# Calculating Board Feet of Burls and Other Irregular Shaped Lumber



## PhoenixWoodDesigns (Mar 4, 2014)

Bare with me here, as my thoughts are still rather scattered on this. Figuring board feet of a normal sized piece of lumber is quite simple, but where I'm getting myself confused is figuring out the number of board feet in a burl cap or other irregularly shaped piece of lumber (where there is a slope on one side, for instance.)

I'm thinking that the easiest way to price out pieces like that would be by finding the average weight of a board foot of that particular species of wood, and then calculating the board feet by weight -- but then you have the MC variable to consider.

How do you figure board feet in irregularly shaped pieces of wood without creating a super complex formula that accounts for slope, etc?


----------



## DKMD (Mar 4, 2014)

I think most avoid using board feet for the reasons you mentioned. Weight may not be reliable (for calculating board feet) since the density of burls can differ considerably from the normal timber of the same species.

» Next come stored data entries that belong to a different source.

(* For $j\in\{1,\dots,n\}$, let $X_j\subset\mathbb{R}$ be a union of finitely many disjoint closed intervals (rays allowed) and let $g^{\mathrm{in}}_j:X_j\to\mathbb{R}$ be a piecewise $\chi$ function. Then $\star\{(g^{\mathrm{in}}_j,X_j)\}_{j=1}^n$ is a piecewise $\chi$ function.
   Context: For $\tau=(\tau_1,\tau_2)\in\mathbb{R}^2$, $\chi_\tau:\mathbb{R}\to\mathbb{R}$ is $\chi_\tau(x)=x-\tau_1+\tau_2$ for $x\le\tau_1$ and $\chi_\tau(x)=-x+\tau_1+\tau_2$ for $x>\tau_1$; $\tau$ is its top point. A function $g:X\to\mathbb{R}$, $X\subseteq\mathbb{R}$, is a piecewise $\chi$ function if $X$ is a union of disjoint intervals and on each of these intervals $g$ equals the restriction of some $\chi_\tau$. The operator $\star$: given functions $g^{\mathrm{in}}_j:X_j\to\mathbb{R}$, $j=1,\dots,n$, it returns $g^{\mathrm{out}}=\star\{(g^{\mathrm{in}}_j,X_j)\}_{j=1}^n$ with domain the Minkowski sum $\sum_{j=1}^nX_j$, defined by $g^{\mathrm{out}}(z)=\max\{\sum_{j=1}^ng^{\mathrm{in}}_j(x_j): x\in\mathbb{R}^n,\ \sum_jx_j=z,\ x_j\in X_j\ \forall j\}$. *)

theory Defs
  imports "HOL-Analysis.Analysis"
begin

definition chi :: "real \<times> real \<Rightarrow> real \<Rightarrow> real" where
  "chi \<tau> x = (if x \<le> fst \<tau> then x - fst \<tau> + snd \<tau> else - x + fst \<tau> + snd \<tau>)"

text \<open>A function g on domain X (values outside X are irrelevant) is piecewise chi:
  X is the union of finitely many pairwise disjoint intervals, and on each of
  them g agrees with some chi function.\<close>
definition piecewise_chi :: "(real \<Rightarrow> real) \<Rightarrow> real set \<Rightarrow> bool" where
  "piecewise_chi g X \<longleftrightarrow>
     (\<exists>\<I>. finite \<I> \<and> pairwise disjnt \<I> \<and> \<Union>\<I> = X \<and>
          (\<forall>J\<in>\<I>. is_interval J \<and> (\<exists>\<tau>. \<forall>x\<in>J. g x = chi \<tau> x)))"

definition finite_closed_interval_union :: "real set \<Rightarrow> bool" where
  "finite_closed_interval_union X \<longleftrightarrow>
     (\<exists>\<I>. finite \<I> \<and> pairwise disjnt \<I> \<and> \<Union>\<I> = X \<and>
          (\<forall>J\<in>\<I>. is_interval J \<and> closed J))"

definition minkowski_sum :: "(nat \<Rightarrow> real set) \<Rightarrow> nat \<Rightarrow> real set" where
  "minkowski_sum X n = {z. \<exists>x. (\<forall>j\<in>{1..n}. x j \<in> X j) \<and> (\<Sum>j=1..n. x j) = z}"

text \<open>The star operator (the max is rendered as the supremum; it equals the max
  whenever the max exists).\<close>
definition star :: "(nat \<Rightarrow> real \<Rightarrow> real) \<Rightarrow> (nat \<Rightarrow> real set) \<Rightarrow> nat \<Rightarrow> real \<Rightarrow> real" where
  "star g X n z = Sup {(\<Sum>j=1..n. g j (x j)) | x. (\<forall>j\<in>{1..n}. x j \<in> X j) \<and> (\<Sum>j=1..n. x j) = z}"

end

theory Submission
  imports Defs
begin

text \<open>Decompose each \<open>X\<^sub>j\<close> into intervals on which \<open>g\<^sub>j\<close> is a single \<open>\<chi>\<close> function. For one
  choice of a piece \<open>J\<^sub>j\<close> per coordinate, with \<open>\<chi>\<^sub>j\<close> the corresponding function, let \<open>c\<^sub>j\<close> be the
  point of the closure of \<open>J\<^sub>j\<close> nearest to the top point of \<open>\<chi>\<^sub>j\<close>. Then
  \<open>\<Sum> \<chi>\<^sub>j(x\<^sub>j) = h - \<Sum> \<bar>x\<^sub>j - c\<^sub>j\<bar>\<close> on the box, and the supremum of this over \<open>\<Sum> x\<^sub>j = z\<close>
  is \<open>h - \<bar>z - \<Sum> c\<^sub>j\<bar>\<close>: the restricted star is one \<open>\<chi>\<close> function on the interval
  \<open>\<Sum> J\<^sub>j\<close>. The full star is the maximum over the finitely many choices, and an upper
  envelope of finitely many \<open>\<chi>\<close> functions on intervals is piecewise \<open>\<chi>\<close>, because the
  difference of two \<open>\<chi>\<close> functions is monotone, so each function is maximal on a finite
  union of intervals.\<close>

lemma interval_convex_combination:
  fixes J :: "real set"
  assumes "is_interval J" "a \<in> J" "b \<in> J" "0 \<le> t" "t \<le> 1"
  shows "a + t * (b - a) \<in> J"
proof -
  have "(1 - t) *\<^sub>R a + t *\<^sub>R b \<in> J"
    using assms by (intro convexD_alt) (auto simp: is_interval_convex_1)
  then show ?thesis by (simp add: algebra_simps)
qed

lemma Compl_interval_eq:
  fixes I :: "real set"
  assumes "is_interval I"
  shows "- I = {x. \<forall>d\<in>I. x < d} \<union> {x. \<forall>d\<in>I. d < x}"
proof (intro set_eqI iffI)
  fix x assume "x \<in> - I"
  then have "\<not> ((\<exists>d\<in>I. d \<le> x) \<and> (\<exists>d\<in>I. x \<le> d))"
    using assms unfolding is_interval_1 by blast
  then show "x \<in> {x. \<forall>d\<in>I. x < d} \<union> {x. \<forall>d\<in>I. d < x}"
    by (auto simp: not_le)
qed auto

lemma is_interval_strict_lower_bounds: "is_interval {x::real. \<forall>d\<in>I. x < d}"
  unfolding is_interval_1 by (blast intro: le_less_trans)

lemma is_interval_strict_upper_bounds: "is_interval {x::real. \<forall>d\<in>I. d < x}"
  unfolding is_interval_1 by (blast intro: less_le_trans)

lemma pairwise_disjnt_insert_cuts:
  assumes "pairwise disjnt \<P>" "L \<inter> I = {}" "R \<inter> I = {}" "L = R \<or> L \<inter> R = {}"
  shows "pairwise disjnt (insert I ((\<lambda>p. p \<inter> L) ` \<P> \<union> (\<lambda>p. p \<inter> R) ` \<P>))"
proof -
  have cut_form: "\<exists>p\<in>\<P>. \<exists>S\<in>{L, R}. C = p \<inter> S"
    if "C \<in> insert I ((\<lambda>p. p \<inter> L) ` \<P> \<union> (\<lambda>p. p \<inter> R) ` \<P>)" "C \<noteq> I" for C
    using that by blast
  have cut_off_I: "C \<inter> I = {}"
    if "C \<in> insert I ((\<lambda>p. p \<inter> L) ` \<P> \<union> (\<lambda>p. p \<inter> R) ` \<P>)" "C \<noteq> I" for C
    using cut_form[OF that] assms(2,3) by blast
  have cuts_disjoint: "A \<inter> B = {}"
    if "p \<in> \<P>" "q \<in> \<P>" "S \<in> {L, R}" "S' \<in> {L, R}" "A = p \<inter> S" "B = q \<inter> S'" "A \<noteq> B"
    for A B p q S S'
  proof (cases "p = q")
    case True
    then have "S \<noteq> S'" using that by blast
    then have "S \<inter> S' = {}" using assms(4) that(3,4) by auto
    then show ?thesis using that(5,6) by blast
  next
    case False
    then show ?thesis using assms(1) that unfolding pairwise_def disjnt_def by blast
  qed
  show ?thesis
  proof (unfold pairwise_def disjnt_def, intro ballI impI)
    fix A B assume A: "A \<in> insert I ((\<lambda>p. p \<inter> L) ` \<P> \<union> (\<lambda>p. p \<inter> R) ` \<P>)"
      and B: "B \<in> insert I ((\<lambda>p. p \<inter> L) ` \<P> \<union> (\<lambda>p. p \<inter> R) ` \<P>)" and "A \<noteq> B"
    show "A \<inter> B = {}"
    proof (cases "A = I \<or> B = I")
      case True
      then show ?thesis using \<open>A \<noteq> B\<close> cut_off_I[OF A] cut_off_I[OF B] by blast
    next
      case False
      then obtain p q S S' where "p \<in> \<P>" "q \<in> \<P>" "S \<in> {L, R}" "S' \<in> {L, R}" "A = p \<inter> S" "B = q \<inter> S'"
        using cut_form[OF A] cut_form[OF B] by blast
      then show ?thesis using cuts_disjoint \<open>A \<noteq> B\<close> by blast
    qed
  qed
qed

lemma finite_intervals_disjoint_refinement:
  fixes \<F> :: "real set set"
  assumes "finite \<F>" "\<forall>I\<in>\<F>. is_interval I"
  shows "\<exists>\<P>. finite \<P> \<and> pairwise disjnt \<P> \<and> (\<forall>p\<in>\<P>. is_interval p) \<and>
    \<Union>\<P> = \<Union>\<F> \<and> (\<forall>p\<in>\<P>. \<exists>I\<in>\<F>. p \<subseteq> I)"
  using assms
proof (induction \<F> rule: finite_induct)
  case empty
  show ?case by (intro exI[of _ "{}"]) auto
next
  case (insert I \<F>)
  then obtain \<P> where \<P>: "finite \<P>" "pairwise disjnt \<P>" "\<forall>p\<in>\<P>. is_interval p"
    "\<Union>\<P> = \<Union>\<F>" "\<forall>p\<in>\<P>. \<exists>I\<in>\<F>. p \<subseteq> I"
    by auto
  define L where "L = {x. \<forall>d\<in>I. x < d}"
  define R where "R = {x. \<forall>d\<in>I. d < x}"
  define \<P>' where "\<P>' = insert I ((\<lambda>p. p \<inter> L) ` \<P> \<union> (\<lambda>p. p \<inter> R) ` \<P>)"
  have I: "is_interval I" using insert.prems by simp
  have "L = R" if "I = {}" unfolding L_def R_def using that by simp
  moreover have "L \<inter> R = {}" if "I \<noteq> {}" unfolding L_def R_def using that by force
  ultimately have LR: "- I = L \<union> R" "L = R \<or> L \<inter> R = {}"
    unfolding L_def R_def using Compl_interval_eq[OF I] by blast+
  have LR_intervals: "is_interval L" "is_interval R"
    unfolding L_def R_def by (rule is_interval_strict_lower_bounds is_interval_strict_upper_bounds)+
  have "finite \<P>'" unfolding \<P>'_def using \<P>(1) by simp
  moreover have "pairwise disjnt \<P>'"
    unfolding \<P>'_def using LR by (intro pairwise_disjnt_insert_cuts \<P>(2)) auto
  moreover have "\<forall>p\<in>\<P>'. is_interval p"
    unfolding \<P>'_def using I \<P>(3) LR_intervals is_interval_Int by auto
  moreover have "\<Union>\<P>' = \<Union>(insert I \<F>)"
  proof -
    have "\<Union>\<P>' = I \<union> (\<Union>\<P> \<inter> L \<union> \<Union>\<P> \<inter> R)" unfolding \<P>'_def by auto
    also have "\<dots> = I \<union> \<Union>\<P> \<inter> - I" unfolding LR(1) by auto
    finally show ?thesis by (simp add: \<P>(4) Un_Int_distrib)
  qed
  moreover have "\<forall>C\<in>\<P>'. \<exists>J\<in>insert I \<F>. C \<subseteq> J"
  proof
    fix C assume "C \<in> \<P>'"
    then consider "C = I" | p S where "p \<in> \<P>" "C = p \<inter> S" unfolding \<P>'_def by blast
    then show "\<exists>J\<in>insert I \<F>. C \<subseteq> J"
    proof cases
      case (2 p S)
      then obtain J where "J \<in> \<F>" "p \<subseteq> J" using \<P>(5) by blast
      then show ?thesis using 2(2) by blast
    qed simp
  qed
  ultimately show ?case by blast
qed

lemma piecewise_chi_of_finite_cover:
  assumes "finite \<F>" "\<forall>I\<in>\<F>. is_interval I \<and> (\<exists>\<tau>. \<forall>x\<in>I. g x = chi \<tau> x)" "\<Union>\<F> = X"
  shows "piecewise_chi g X"
proof -
  have "\<forall>I\<in>\<F>. is_interval I" using assms(2) by simp
  from finite_intervals_disjoint_refinement[OF assms(1) this] obtain \<P> where \<P>: "finite \<P>" "pairwise disjnt \<P>" "\<forall>p\<in>\<P>. is_interval p" "\<Union>\<P> = \<Union>\<F>"
    "\<forall>p\<in>\<P>. \<exists>I\<in>\<F>. p \<subseteq> I"
    by blast
  have "\<exists>\<tau>. \<forall>x\<in>p. g x = chi \<tau> x" if p: "p \<in> \<P>" for p
  proof -
    obtain I where I: "I \<in> \<F>" "p \<subseteq> I" using \<P>(5) p by blast
    then obtain \<tau> where "\<forall>x\<in>I. g x = chi \<tau> x" using assms(2) by blast
    then show ?thesis using I(2) by blast
  qed
  then show ?thesis
    unfolding piecewise_chi_def using \<P>(1-4) assms(3) by (intro exI[of _ \<P>]) simp
qed

lemma piecewise_chi_cong:
  assumes "piecewise_chi f X" "\<And>x. x \<in> X \<Longrightarrow> f x = h x"
  shows "piecewise_chi h X"
  using assms unfolding piecewise_chi_def by (metis UnionI)

lemma chi_eq_abs: "chi \<tau> x = snd \<tau> - \<bar>x - fst \<tau>\<bar>"
  unfolding chi_def by auto

lemma is_interval_chi_le: "is_interval {z. chi \<sigma> z \<le> chi \<tau> z}"
proof -
  \<comment> \<open>\<open>chi \<sigma> - chi \<tau>\<close> is monotone: non-decreasing if \<open>fst \<sigma> \<le> fst \<tau>\<close>, non-increasing otherwise.\<close>
  have "chi \<sigma> x \<le> chi \<tau> x" if "a \<le> x" "x \<le> b" "chi \<sigma> a \<le> chi \<tau> a" "chi \<sigma> b \<le> chi \<tau> b" for a b x
    using that unfolding chi_eq_abs by (cases "fst \<sigma> \<le> fst \<tau>") (simp_all add: abs_if split: if_splits)
  then show ?thesis unfolding is_interval_1 by blast
qed

lemma finite_union_of_intervals_Int:
  fixes S T :: "real set"
  assumes "(finite union_of is_interval) S" "(finite union_of is_interval) T"
  shows "(finite union_of is_interval) (S \<inter> T)"
  using assms finite_union_of_Int_eq[of is_interval] finite_union_of_inc is_interval_Int by blast

lemma finite_union_of_intervals_INT:
  fixes B :: "'a \<Rightarrow> real set"
  assumes "finite K" "\<And>k. k \<in> K \<Longrightarrow> (finite union_of is_interval) (B k)"
  shows "(finite union_of is_interval) (\<Inter>k\<in>K. B k)"
  using assms
proof (induction K rule: finite_induct)
  case empty
  then show ?case by (simp add: finite_union_of_inc)
next
  case (insert k K)
  then show ?case by (simp add: finite_union_of_intervals_Int)
qed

Most of the burls I've purchased have been priced based on size. The Aussie burls are often sold by weight, but it's not a board foot rice derived from weight. 

You could check a few online vendors for comps for any particular species.

Reactions: Agree 1


----------



## Mike1950 (Mar 4, 2014)

Weight might work with some but too many variables for me- MC or density. BLM can be light to very dense and heavy. I try to come close on board feet- works for me.


----------



## PhoenixWoodDesigns (Mar 4, 2014)

Aussie burls are kind of easy comparitively, because they are often sold to the state-side reseller by weight to begin with. Realtive mark-up then is a simple addition to the price per pound. I guess really the only reliable / fair way to price a burl cap would be estimate of size like you said (vs market prices of caps of that species / size, which can in itself, vary widely). Even then, though... take 10 burl caps that are in a (for example) 10" x 4" size at their largest point, and you'll have 10 burl with very different amounts of wood in them (due to bulges, tapers, and differing shapes.)


----------



## PhoenixWoodDesigns (Mar 4, 2014)

Mike1950 said:


> Weight might work with some but too many variables for me- MC or density. BLM can be light to very dense and heavy. I try to come close on board feet- works for me.



Your burls (at least the one's i've been lucky enough to experience,) are in big slabs. You've got a relatively consistent h x w x l for the most part, with some varying dimensions such as tapers etc. The "close enough" method for you works well, because it truly is going to be close. 

For smaller caps where you have that rounded out shape etc, the difference is a lot bigger (at least in calculation of BF).

EDIT: 

I have one other thought on the matter.... Theoretically, you could take the area of relatively evenly sized portions of the cap and then add them together to get the total area. So let's say that the burl cap is 4" thick at the thicket point (tapering down to 1" at the thinest), and for ease of this example, a consistent 5" wide and 12" long.

So, we'll take the the area of the section thats ~4" x 5" x 12", then the the area of the section that's ~ 3" x 5" x 12", etc... then add them all together. That's about as close as you're probably going to get.

Reactions: Agree 1


----------



## Kevin (Mar 4, 2014)

Most burl buyers will pay however the vendor sells it, if they want it bad enough. As a seller you have to decide which route you want to go and stick with it. I don't like buying burls on weight (I rarely buy burl at all though and hardly ever caps) but if I sold burls for a living I would learn the weight model and stick with it. It's true that MC plays a big role but only over a long stretch of time. If you buy a pallet of Corrugata and sit on it for a year the amount of weight lost will be negligible, and more than made up by your % markup. 

As a buyer I look for easy-to-quantify volume but then I'm not a turner who goes through a lot of caps. Buyers of caps and natural burls have developed a keen sense of what is a correct market value and what isn't. If Doc and I were standing in a warehouse full of burls as partner on a buying spree, he'd be leading the charge for sure. My only job would be to hand him his check book when the time came to pay. 



As a seller, no way I'd sell burls any other way than by weight, based on a markup of what I paid for it.


----------



## PhoenixWoodDesigns (Mar 4, 2014)

Kevin said:


> Buyers of caps and natural burls have developed a keen sense of what is a correct market value and what isn't.



Kevin, you're exactly right on this especially. When I look at a cap for sale, I know about how much it should be priced out vs the market. It just seems like there should be a more quantifiable pricing model than "gut feeling", no matter how accurate it may be! That's how I look at it as a buyer.

Now, if I'm looking into SELLING caps, I'd certainly look at something more quantifiable. The weight method seems to be really the only reliable method for accounting purposes, with an accepted weight loss figured in per year due to drying. (Figured into your % mark-up, like you said.) 

I guess all this is brought on by trying to figure out the fairest way to sell any caps I may come across in the near future, and the need to be as fair as possible in my pricing.


----------



## Kevin (Mar 4, 2014)

PhoenixWoodDesigns said:


> I guess all this is brought on by trying to figure out the fairest way to sell any caps I may come across in the near future, and the need to be as fair as possible in my pricing.



Not a whole lot of buyer's remorse among burl addicts - they're just happy to get it usually.

Reactions: Agree 1


----------